The Song plucked a single thread of power from the rest, offering it to her. It was a variation of what held the crowd in thrall around her, a thread that would twine around Numair, instilling trust and admiration and devotion. He would never look at her and be horrified. He would never want to leave her side again.

He wouldn’t be able to.

She took that shining thread, felt the weight and balance of it, how seductively it was spun—and snapped it. After all this time together, you still don’t understand me if you think I could ever do that to him.

Irritation laced the Song’s response. He would never know the difference.

Perhaps not. But she would. And she didn’t want a lie.

She realized she’d been quiet too long when Numair said, “Do you honestly want me to go? Do you truly want to be here, in all this, alone?”

“No.”

“Then don’t be. Let’s finish this and go home.”

Finish this. Yes, she needed to finish this.
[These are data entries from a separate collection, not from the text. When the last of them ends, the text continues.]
(* Let $p,q\ge 0$ be integers, $n=p+q\ge 1$, and let $\mathcal{C}\ell(p,q)$ be the complex Clifford algebra with identity $e$ and generators $e^1,\dots,e^n$ satisfying $e^ae^b+e^be^a=2\eta^{ab}e$. For $U\in\mathcal{C}\ell(p,q)$ let $F(U)=e^aUe_a$ (summation over $a=1,\dots,n$, with $e_a=\eta_{ab}e^b$), $F^0(U)=U$, $F^{l+1}(U)=F(F^l(U))$, and let $\lambda_k=(-1)^k(n-2k)$, $k=0,\dots,n$. (i) If $n$ is even, then the $(n+1)\times(n+1)$ matrix $A=(a_{kl})_{k,l=0}^{n}$ with $a_{kl}=(\lambda_l)^k$ is invertible, and, writing $B=(b_{kl})_{k,l=0}^n=A^{-1}$, for every $U\in\mathcal{C}\ell(p,q)$ and every $k=0,\dots,n$, $$\pi_k(U)=\sum_{l=0}^n b_{kl}F^l(U).$$ (ii) If $n$ is odd, then the $\frac{n+1}{2}\times\frac{n+1}{2}$ matrix $D=(d_{kl})_{k,l=0}^{(n-1)/2}$ with $d_{kl}=(\lambda_l)^k$ is invertible, and, writing $G=(g_{kl})=D^{-1}$, for every $U\in\mathcal{C}\ell(p,q)$ and every $k=0,\dots,\frac{n-1}{2}$, $$\pi_k(U)+\pi_{n-k}(U)=\sum_{l=0}^{(n-1)/2} g_{kl}F^l(U).$$
   Context: $\eta=(\eta^{ab})=(\eta_{ab})=\mathrm{diag}(1,\dots,1,-1,\dots,-1)$ with $p$ entries $1$ and $q$ entries $-1$. $\mathcal{C}\ell(p,q)$ is the associative unital complex algebra of dimension $2^n$ with basis $e$ and $e^{a_1\dots a_k}=e^{a_1}\cdots e^{a_k}$ for $1\le a_1<\dots<a_k\le n$, $k=1,\dots,n$. For $k=0,\dots,n$, $\mathcal{C}\ell_k(p,q)$ is the span of the basis elements $e^{a_1\dots a_k}$ with exactly $k$ indices ($\mathcal{C}\ell_0=\mathbb{C}e$), and $\pi_k:\mathcal{C}\ell(p,q)\to\mathcal{C}\ell_k(p,q)$ is the projection with respect to the direct sum decomposition $\mathcal{C}\ell(p,q)=\bigoplus_{k=0}^n\mathcal{C}\ell_k(p,q)$. *)

theory Defs
  imports Complex_Main
begin

definition eta :: "nat \<Rightarrow> nat \<Rightarrow> nat \<Rightarrow> complex" where
  "eta p a b = (if a = b then (if a \<le> p then 1 else -1) else 0)"

definition blade :: "(nat \<Rightarrow> 'a::ring_1) \<Rightarrow> nat set \<Rightarrow> 'a" where
  "blade gen A = prod_list (map gen (sorted_list_of_set A))"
She needed to finally make the nightmares end. “All right.”

They stood, and Numair eyed the people around them. “Are they…coming with us?”

“Yes.” She sang and they shifted, forming a living, protective circle around her and Numair. “They’re going to help me keep a promise.”

Chapter Eighty-Three

Min Quellea

Clare’s swarm grew as they walked, the Song’s tendrils reaching out to ensnare any newcomer who dared walk out and touch the borders of her living barricade. Both she and Numair’s destinations lay on the other side of the county. As they walked through it, she forced the horrors they passed to slide off her like water off well-oiled leather. Numair, after a few cautious glances, kept his gaze straight ahead, his lips compressed into a bloodless line, and didn’t speak.

When the ground to the left of the dirt path they walked fell suddenly away, revealing a deep, yawning chasm half a mile wide and twice as deep, he broke his silence. “What is that?”

Clare spared a glance at the monstrous wound in the earth’s flesh. The entirety of it was covered in thick white dust, as were the people who scurried about in its depths. They descended into tunnels punched into the pit’s sides and climbed back up on cobbled rope ladders, laden down with bags of hard white stone, going about their duties with a mindless, broken focus.

“Those are the quellstone mines.”

Numair stopped walking, forcing Clare to stop with him. “I thought quellstone was a myth.”

“It is. Everywhere but here. I understand it’s why Alaric never took this place.” Simian had told her the story once. How Alaric had saved Renault County as the last conquest on his map. Because Simian had never been interested in extending his own borders, and Alaric had thought it safe to let it wait.

But by the time the Jackal King had come, the borders of Renault County had been walled over with quellstone. It amplified Simian’s power—and negated anyone else’s. Alaric’s magic couldn’t pass beyond the border. If his soldiers went in, they became lost to the madness that infected everyone here. Simian’s madness.

In a fit of rage, Alaric had Reaped the ground surrounding the county, turning it into a wasteland. Turning Renault County into an island that no one came to and no one left. Because no one crossed Reaped ground and survived.

“I thought the stone had to be claimed by a mage before it quelled another’s magic.”

Clare started walking again, Numair and the swarm falling in with her. “It does. All of that”—she pointed at the mines—“every chunk they carve out and bring up was claimed years ago.”

“By who?”

“The self-appointed king of Renault County.”

“You’re telling me there is a man behind the madness in this place?”